- Finney in 2026
- Occupation: Advocate
- Known for: Advocacy for veterans; campaign for the Royal Commission into Defence and Veteran Suicide
- Political party: Local (2021−2022)

= Julie-Ann Finney =

Australian veteran's advocate

Julie-Ann Finney is an Australian veterans' advocate known for campaigning for the establishment of the Royal Commission into Defence and Veteran Suicide.

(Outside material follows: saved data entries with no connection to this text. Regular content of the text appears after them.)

(* Let $\varphi$ be a continuous Archimedean t-norm, let $m,n\ge 1$, $\mathscr{I}=\{1,\dots,m\}$, $\mathscr{J}=\{1,\dots,n\}$, let $A^{+}=(a^{+}_{ij}),A^{-}=(a^{-}_{ij})\in[0,1]^{m\times n}$ and $b=(b_i)\in[0,1]^m$. Let $S(A^{+},A^{-},b)$, $E$ and $S(e)$ ($e\in E$) be as defined in the context. Then $$S(A^{+},A^{-},b)=\bigcup_{e\in E}S(e).$$
   Context: A t-norm is a binary operation on $[0,1]$ that is commutative, associative, nondecreasing in each argument and has $1$ as neutral element; a continuous t-norm $\varphi$ is Archimedean if $\varphi(x,x)<x$ for all $x\in(0,1)$. Define $S(A^{+},A^{-},b)=\{x\in[0,1]^n:\ \max_{j\in\mathscr{J}}\max\{\varphi(a^{+}_{ij},x_j),\varphi(a^{-}_{ij},1-x_j)\}=b_i\ \forall i\in\mathscr{I}\}$. For $i\in\mathscr{I},j\in\mathscr{J}$: $S_{ij}=\{t\in[0,1]:\max\{\varphi(a^{+}_{ij},t),\varphi(a^{-}_{ij},1-t)\}=b_i\}$ and $I_{ij}=\{t\in[0,1]:\max\{\varphi(a^{+}_{ij},t),\varphi(a^{-}_{ij},1-t)\}\le b_i\}$. For $j\in\mathscr{J}$ let $I_j=\bigcap_{i\in\mathscr{I}}I_{ij}$, and let $S'_{ij}=S_{ij}\cap I_j$. For $i\in\mathscr{I}$ let $\mathscr{J}_i=\{j\in\mathscr{J}:S'_{ij}\neq\varnothing\}$. A function $e:\mathscr{I}\to\mathscr{J}$ is admissible if $e(i)\in\mathscr{J}_i(e)$ for all $i\in\mathscr{I}$, where $\mathscr{J}_1(e)=\mathscr{J}_1$ and, for $i\ge 2$, with $\mathscr{I}_j(e,i)=\{k\in\mathscr{I}:1\le k<i,\ e(k)=j\}$, $\mathscr{J}_i(e)=\{j\in\mathscr{J}_i:\ \mathscr{I}_j(e,i)=\varnothing\ \text{or}\ S'_{ij}\cap\bigcap_{k\in\mathscr{I}_j(e,i)}S'_{kj}\neq\varnothing\}$. $E$ denotes the set of all admissible functions. For $e\in E$ and $j\in\mathscr{J}$ let $\mathscr{I}_j(e)=\{i\in\mathscr{I}:e(i)=j\}$, and let $S(e)$ be the set of all $x=(x_1,\dots,x_n)$ such that for every $j\in\mathscr{J}$: $x_j\in\bigcap_{i\in\mathscr{I}_j(e)}S'_{ij}$ if $\mathscr{I}_j(e)\neq\varnothing$, and $x_j\in I_j$ if $\mathscr{I}_j(e)=\varnothing$. (A union over an empty index set is $\varnothing$.) *)

theory Defs
  imports "HOL-Analysis.Analysis" "HOL-Library.FuncSet"
begin

text \<open>A t-norm on [0,1], represented as a real function of two arguments
  whose behaviour matters only on [0,1] x [0,1].\<close>
definition tnorm :: "(real \<Rightarrow> real \<Rightarrow> real) \<Rightarrow> bool" where
  "tnorm \<phi> \<longleftrightarrow>
     (\<forall>x\<in>{0..1}. \<forall>y\<in>{0..1}. \<phi> x y \<in> {0..1}) \<and>
     (\<forall>x\<in>{0..1}. \<forall>y\<in>{0..1}. \<phi> x y = \<phi> y x) \<and>
     (\<forall>x\<in>{0..1}. \<forall>y\<in>{0..1}. \<forall>z\<in>{0..1}. \<phi> x (\<phi> y z) = \<phi> (\<phi> x y) z) \<and>
     (\<forall>x\<in>{0..1}. \<forall>x'\<in>{0..1}. \<forall>y\<in>{0..1}. x \<le> x' \<longrightarrow> \<phi> x y \<le> \<phi> x' y) \<and>
     (\<forall>x\<in>{0..1}. \<forall>y\<in>{0..1}. \<forall>y'\<in>{0..1}. y \<le> y' \<longrightarrow> \<phi> x y \<le> \<phi> x y') \<and>
     (\<forall>x\<in>{0..1}. \<phi> x 1 = x)"

definition continuous_archimedean_tnorm :: "(real \<Rightarrow> real \<Rightarrow> real) \<Rightarrow> bool" where
  "continuous_archimedean_tnorm \<phi> \<longleftrightarrow>
     tnorm \<phi> \<and>
     continuous_on ({0..1} \<times> {0..1}) (\<lambda>(x, y). \<phi> x y) \<and>
     (\<forall>x\<in>{0<..<1}. \<phi> x x < x)"

definition lhs :: "(real \<Rightarrow> real \<Rightarrow> real) \<Rightarrow> real \<Rightarrow> real \<Rightarrow> real \<Rightarrow> real" where
  "lhs \<phi> ap am t = max (\<phi> ap t) (\<phi> am (1 - t))"

definition sol_set ::
  "(real \<Rightarrow> real \<Rightarrow> real) \<Rightarrow> (nat \<Rightarrow> nat \<Rightarrow> real) \<Rightarrow> (nat \<Rightarrow> nat \<Rightarrow> real) \<Rightarrow> (nat \<Rightarrow> real)
   \<Rightarrow> nat \<Rightarrow> nat \<Rightarrow> (nat \<Rightarrow> real) set" where
  "sol_set \<phi> Ap Am b m n =
     {x \<in> {1..n} \<rightarrow>\<^sub>E {0..1}.
        \<forall>i\<in>{1..m}. (MAX j\<in>{1..n}. lhs \<phi> (Ap i j) (Am i j) (x j)) = b i}"

definition S_ij where
  "S_ij \<phi> Ap Am b i j = {t\<in>{0..1::real}. lhs \<phi> (Ap i j) (Am i j) t = b i}"

definition I_ij where
  "I_ij \<phi> Ap Am b i j = {t\<in>{0..1::real}. lhs \<phi> (Ap i j) (Am i j) t \<le> b i}"

definition I_j where
  "I_j \<phi> Ap Am b m j = (\<Inter>i\<in>{1..m}. I_ij \<phi> Ap Am b i j)"

definition S'_ij where
  "S'_ij \<phi> Ap Am b m i j = S_ij \<phi> Ap Am b i j \<inter> I_j \<phi> Ap Am b m j"

definition J_i where
  "J_i \<phi> Ap Am b m n i = {j\<in>{1..n}. S'_ij \<phi> Ap Am b m i j \<noteq> {}}"

definition I_j_e_i :: "(nat \<Rightarrow> nat) \<Rightarrow> nat \<Rightarrow> nat \<Rightarrow> nat set" where
  "I_j_e_i e i j = {k. 1 \<le> k \<and> k < i \<and> e k = j}"

definition J_i_e where
  "J_i_e \<phi> Ap Am b m n e i =
     (if i = 1 then J_i \<phi> Ap Am b m n 1
      else {j \<in> J_i \<phi> Ap Am b m n i.
              I_j_e_i e i j = {} \<or>
              S'_ij \<phi> Ap Am b m i j \<inter> (\<Inter>k\<in>I_j_e_i e i j. S'_ij \<phi> Ap Am b m k j) \<noteq> {}})"

definition admissible_set where
  "admissible_set \<phi> Ap Am b m n =
     {e \<in> {1..m} \<rightarrow>\<^sub>E {1..n}. \<forall>i\<in>{1..m}. e i \<in> J_i_e \<phi> Ap Am b m n e i}"

definition I_j_e :: "nat \<Rightarrow> (nat \<Rightarrow> nat) \<Rightarrow> nat \<Rightarrow> nat set" where
  "I_j_e m e j = {i\<in>{1..m}. e i = j}"

definition S_e where
  "S_e \<phi> Ap Am b m n e =
     {x \<in> {1..n} \<rightarrow>\<^sub>E UNIV.
        \<forall>j\<in>{1..n}.
          (I_j_e m e j \<noteq> {} \<longrightarrow> x j \<in> (\<Inter>i\<in>I_j_e m e j. S'_ij \<phi> Ap Am b m i j)) \<and>
          (I_j_e m e j = {} \<longrightarrow> x j \<in> I_j \<phi> Ap Am b m j)}"

end

theory Submission
  imports Defs
begin

text \<open>The identity is purely combinatorial: a point solves the system iff every coordinate
  lies in I_j (no equation is exceeded) and every equation i is attained at some coordinate j,
  i.e. x j \<in> S'_ij i j.  Choosing such a j for each i gives a map e, which is admissible
  because the common value x (e i) witnesses every intersection demanded of it; conversely
  every point of S(e) attains equation i at coordinate e i.\<close>

lemma I_j_subset_unit_interval:
  fixes m :: nat
  assumes "m \<ge> 1"
  shows "I_j \<phi> Ap Am b m j \<subseteq> {0..1}"
proof
  fix t
  assume "t \<in> I_j \<phi> Ap Am b m j"
  moreover have "1 \<in> {1..m}"
    using assms by simp
  ultimately have "t \<in> I_ij \<phi> Ap Am b 1 j"
    unfolding I_j_def by blast
  then show "t \<in> {0..1}"
    unfolding I_ij_def by auto
qed

lemma S'_ij_subset_I_j: "S'_ij \<phi> Ap Am b m i j \<subseteq> I_j \<phi> Ap Am b m j"
  unfolding S'_ij_def by auto

lemma MAX_eq_iff_bounded_attained:
  fixes f :: "'a \<Rightarrow> 'b::linorder"
  assumes "finite A" and "A \<noteq> {}"
  shows "(MAX x\<in>A. f x) = c \<longleftrightarrow> (\<forall>x\<in>A. f x \<le> c) \<and> (\<exists>x\<in>A. f x = c)"
  using assms by (simp add: Max_eq_iff) blast

lemma sol_set_eq:
  assumes "m \<ge> 1" and "n \<ge> 1"
  shows "sol_set \<phi> Ap Am b m n =
    {x \<in> {1..n} \<rightarrow>\<^sub>E UNIV. (\<forall>j\<in>{1..n}. x j \<in> I_j \<phi> Ap Am b m j) \<and>
       (\<forall>i\<in>{1..m}. \<exists>j\<in>{1..n}. x j \<in> S'_ij \<phi> Ap Am b m i j)}"
    (is "_ = ?R")
proof -
  let ?L = "\<lambda>x i j. lhs \<phi> (Ap i j) (Am i j) (x j)"
  have row_eq: "(MAX j\<in>{1..n}. ?L x i j) = b i \<longleftrightarrow>
      (\<forall>j\<in>{1..n}. ?L x i j \<le> b i) \<and> (\<exists>j\<in>{1..n}. ?L x i j = b i)" for x i
    using \<open>n \<ge> 1\<close> by (intro MAX_eq_iff_bounded_attained) auto
  have "x \<in> sol_set \<phi> Ap Am b m n \<longleftrightarrow> x \<in> ?R" for x
  proof
    assume "x \<in> sol_set \<phi> Ap Am b m n"
    then have x01: "x \<in> {1..n} \<rightarrow>\<^sub>E {0..1}"
      and rows: "\<forall>i\<in>{1..m}. (\<forall>j\<in>{1..n}. ?L x i j \<le> b i) \<and> (\<exists>j\<in>{1..n}. ?L x i j = b i)"
      unfolding sol_set_def row_eq by auto
    have Ij: "x j \<in> I_j \<phi> Ap Am b m j" if "j \<in> {1..n}" for j
      using PiE_mem[OF x01 that] rows that unfolding I_j_def I_ij_def by auto
    have "x j \<in> S'_ij \<phi> Ap Am b m i j" if "j \<in> {1..n}" and "?L x i j = b i" for i j
      using PiE_mem[OF x01 that(1)] Ij[OF that(1)] that(2) unfolding S'_ij_def S_ij_def by auto
    with rows have "\<forall>i\<in>{1..m}. \<exists>j\<in>{1..n}. x j \<in> S'_ij \<phi> Ap Am b m i j"
      by blast
    moreover have "x \<in> {1..n} \<rightarrow>\<^sub>E UNIV"
      using x01 by (auto simp: PiE_iff)
    ultimately show "x \<in> ?R"
      using Ij by blast
  next
    assume "x \<in> ?R"
    then have ext: "x \<in> {1..n} \<rightarrow>\<^sub>E UNIV"
      and Ij: "\<forall>j\<in>{1..n}. x j \<in> I_j \<phi> Ap Am b m j"
      and attained: "\<forall>i\<in>{1..m}. \<exists>j\<in>{1..n}. x j \<in> S'_ij \<phi> Ap Am b m i j"
      by blast+
    have "x j \<in> {0..1}" if "j \<in> {1..n}" for j
      using Ij that by (intro subsetD[OF I_j_subset_unit_interval[OF \<open>m \<ge> 1\<close>]]) blast
    with ext have x01: "x \<in> {1..n} \<rightarrow>\<^sub>E {0..1}"
      by (simp add: PiE_iff)
    have "\<forall>i\<in>{1..m}. \<forall>j\<in>{1..n}. ?L x i j \<le> b i"
      using Ij unfolding I_j_def I_ij_def by blast
    moreover have "\<forall>i\<in>{1..m}. \<exists>j\<in>{1..n}. ?L x i j = b i"
      using attained unfolding S'_ij_def S_ij_def by blast
    ultimately show "x \<in> sol_set \<phi> Ap Am b m n"
      unfolding sol_set_def row_eq using x01 by blast
  qed
  then show ?thesis by blast
qed

lemma mem_S_e_iff:
  assumes "e \<in> {1..m} \<rightarrow>\<^sub>E {1..n}"
  shows "x \<in> S_e \<phi> Ap Am b m n e \<longleftrightarrow>
    x \<in> {1..n} \<rightarrow>\<^sub>E UNIV \<and> (\<forall>j\<in>{1..n}. x j \<in> I_j \<phi> Ap Am b m j) \<and>
    (\<forall>i\<in>{1..m}. x (e i) \<in> S'_ij \<phi> Ap Am b m i (e i))"
proof
  assume x: "x \<in> S_e \<phi> Ap Am b m n e"
  have "x (e i) \<in> S'_ij \<phi> Ap Am b m i (e i)" if "i \<in> {1..m}" for i
  proof -
    have "e i \<in> {1..n}" and "i \<in> I_j_e m e (e i)"
      using assms that unfolding I_j_e_def by auto
    with x show ?thesis unfolding S_e_def by blast
  qed
  moreover have "x j \<in> I_j \<phi> Ap Am b m j" if "j \<in> {1..n}" for j
  proof (cases "I_j_e m e j = {}")
    case True
    with x that show ?thesis unfolding S_e_def by blast
  next
    case False
    then obtain i where i: "i \<in> I_j_e m e j" by auto
    have "x j \<in> (\<Inter>i\<in>I_j_e m e j. S'_ij \<phi> Ap Am b m i j)"
      using x that False unfolding S_e_def by blast
    with i have "x j \<in> S'_ij \<phi> Ap Am b m i j" by blast
    then show ?thesis
      by (rule subsetD[OF S'_ij_subset_I_j])
  qed
  moreover have "x \<in> {1..n} \<rightarrow>\<^sub>E UNIV"
    using x unfolding S_e_def by blast
  ultimately show "x \<in> {1..n} \<rightarrow>\<^sub>E UNIV \<and> (\<forall>j\<in>{1..n}. x j \<in> I_j \<phi> Ap Am b m j) \<and>
      (\<forall>i\<in>{1..m}. x (e i) \<in> S'_ij \<phi> Ap Am b m i (e i))"
    by blast
next
  assume "x \<in> {1..n} \<rightarrow>\<^sub>E UNIV \<and> (\<forall>j\<in>{1..n}. x j \<in> I_j \<phi> Ap Am b m j) \<and>
      (\<forall>i\<in>{1..m}. x (e i) \<in> S'_ij \<phi> Ap Am b m i (e i))"
  then have ext: "x \<in> {1..n} \<rightarrow>\<^sub>E UNIV"
    and Ij: "\<forall>j\<in>{1..n}. x j \<in> I_j \<phi> Ap Am b m j"
    and witness: "\<forall>i\<in>{1..m}. x (e i) \<in> S'_ij \<phi> Ap Am b m i (e i)"
    by blast+
  have "x j \<in> S'_ij \<phi> Ap Am b m i j" if "i \<in> I_j_e m e j" for i j
  proof -
    from that have "i \<in> {1..m}" and "e i = j"
      unfolding I_j_e_def by auto
    with witness show ?thesis by blast
  qed
  with ext Ij show "x \<in> S_e \<phi> Ap Am b m n e"
    unfolding S_e_def by blast
qed

lemma admissible_if_common_witness:
  assumes "e \<in> {1..m} \<rightarrow>\<^sub>E {1..n}"
    and witness: "\<forall>i\<in>{1..m}. x (e i) \<in> S'_ij \<phi> Ap Am b m i (e i)"
  shows "e \<in> admissible_set \<phi> Ap Am b m n"
proof -
  have "e i \<in> J_i_e \<phi> Ap Am b m n e i" if i: "i \<in> {1..m}" for i
  proof -
    have "e i \<in> J_i \<phi> Ap Am b m n i"
      using assms i unfolding J_i_def by auto
    moreover have "x (e i) \<in> S'_ij \<phi> Ap Am b m k (e i)" if "k \<in> I_j_e_i e i (e i)" for k
    proof -
      have "k \<in> {1..m}" and "e k = e i"
        using i that unfolding I_j_e_i_def by auto
      with witness show ?thesis by metis
    qed
    then have "x (e i) \<in> S'_ij \<phi> Ap Am b m i (e i) \<inter>
        (\<Inter>k\<in>I_j_e_i e i (e i). S'_ij \<phi> Ap Am b m k (e i))"
      using witness i by blast
    ultimately show ?thesis
      unfolding J_i_e_def by auto
  qed
  with assms(1) show ?thesis
    unfolding admissible_set_def by blast
qed

lemma ex_PiE_selector:
  assumes "\<forall>i\<in>I. \<exists>j\<in>J. P i j"
  shows "\<exists>e\<in>I \<rightarrow>\<^sub>E J. \<forall>i\<in>I. P i (e i)"
proof -
  from assms have "\<forall>i\<in>I. \<exists>j. j \<in> J \<and> P i j" by blast
  from bchoice[OF this] obtain f where "\<forall>i\<in>I. f i \<in> J \<and> P i (f i)" by blast
  then show ?thesis by (intro bexI[of _ "restrict f I"]) auto
qed

theorem theorem3:
  fixes \<phi> :: "real \<Rightarrow> real \<Rightarrow> real"
    and Ap Am :: "nat \<Rightarrow> nat \<Rightarrow> real" and b :: "nat \<Rightarrow> real" and m n :: nat
  assumes "continuous_archimedean_tnorm \<phi>"
    and "m \<ge> 1" and "n \<ge> 1"
    and "\<forall>i\<in>{1..m}. \<forall>j\<in>{1..n}. Ap i j \<in> {0..1} \<and> Am i j \<in> {0..1}"
    and "\<forall>i\<in>{1..m}. b i \<in> {0..1}"
  shows "sol_set \<phi> Ap Am b m n = (\<Union>e\<in>admissible_set \<phi> Ap Am b m n. S_e \<phi> Ap Am b m n e)"
proof (intro set_eqI iffI)
  fix x
  assume "x \<in> sol_set \<phi> Ap Am b m n"
  then have x: "x \<in> {1..n} \<rightarrow>\<^sub>E UNIV" "\<forall>j\<in>{1..n}. x j \<in> I_j \<phi> Ap Am b m j"
    and attained: "\<forall>i\<in>{1..m}. \<exists>j\<in>{1..n}. x j \<in> S'_ij \<phi> Ap Am b m i j"
    unfolding sol_set_eq[OF \<open>m \<ge> 1\<close> \<open>n \<ge> 1\<close>] by blast+
  from ex_PiE_selector[OF attained] obtain e where e: "e \<in> {1..m} \<rightarrow>\<^sub>E {1..n}"
    and witness: "\<forall>i\<in>{1..m}. x (e i) \<in> S'_ij \<phi> Ap Am b m i (e i)"
    by blast
  have "e \<in> admissible_set \<phi> Ap Am b m n"
    using admissible_if_common_witness[OF e witness] .
  moreover have "x \<in> S_e \<phi> Ap Am b m n e"
    using mem_S_e_iff[OF e] x witness by blast
  ultimately show "x \<in> (\<Union>e\<in>admissible_set \<phi> Ap Am b m n. S_e \<phi> Ap Am b m n e)" by blast
next
  fix x
  assume "x \<in> (\<Union>e\<in>admissible_set \<phi> Ap Am b m n. S_e \<phi> Ap Am b m n e)"
  then obtain e where "e \<in> admissible_set \<phi> Ap Am b m n" and x: "x \<in> S_e \<phi> Ap Am b m n e"
    by blast
  then have e: "e \<in> {1..m} \<rightarrow>\<^sub>E {1..n}"
    unfolding admissible_set_def by blast
  with x have "x \<in> {1..n} \<rightarrow>\<^sub>E UNIV" "\<forall>j\<in>{1..n}. x j \<in> I_j \<phi> Ap Am b m j"
    and witness: "\<forall>i\<in>{1..m}. x (e i) \<in> S'_ij \<phi> Ap Am b m i (e i)"
    using mem_S_e_iff by blast+
  moreover have "\<forall>i\<in>{1..m}. \<exists>j\<in>{1..n}. x j \<in> S'_ij \<phi> Ap Am b m i j"
    using PiE_mem[OF e] witness by blast
  ultimately show "x \<in> sol_set \<phi> Ap Am b m n"
    unfolding sol_set_eq[OF \<open>m \<ge> 1\<close> \<open>n \<ge> 1\<close>] by blast
qed

end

The son of Finney, David Stafford, a Royal Australian Navy veteran and had been associated with the Australian Defence Force (ADF) for almost 20 years, committed suicide in 2019. In the aftermath, Finney became an advocate for changes in the treatment of ADF people, veterans and their families are treated and supported. Additionally, she created a petition for a royal commission which gathered more than 410,000 signatures. In 2020, the National Commissioner for Defence and Veteran Suicide Prevention was created by the Morrison government, followed by Royal Commission into Defence and Veteran Suicide in July 2021. In 2022, Finney unsuccessfully contested for a federal election to become the Senator for South Australia in the Senate as the top candidate of the Local Party of Australia. However, in that same year, she became a Commendation Winner in the South Australian Citizen of the Year.

== Advocacy ==
Finney had a 38-years old son, David Stafford, who was an ex-member of the Royal Australian Navy but committed suicide on 1 February 2019. Her son had been in the Australian Defence Force (ADF) for nearly 20 years. According to Finney, David was traumatised after he was made in charge of keeping the refugees on a boat. He later had suicidal thoughts as far back as 2009, and he made an attempt in 2016. After making a claim with the Department of Veterans' Affairs in March 2017, during which David had been hospitalized due to his PTSD and suicidal tendencies, David was medically discharged. As per Finney, he was released from the hospital without any arrangements being made for him by the Department of Defence upon his release.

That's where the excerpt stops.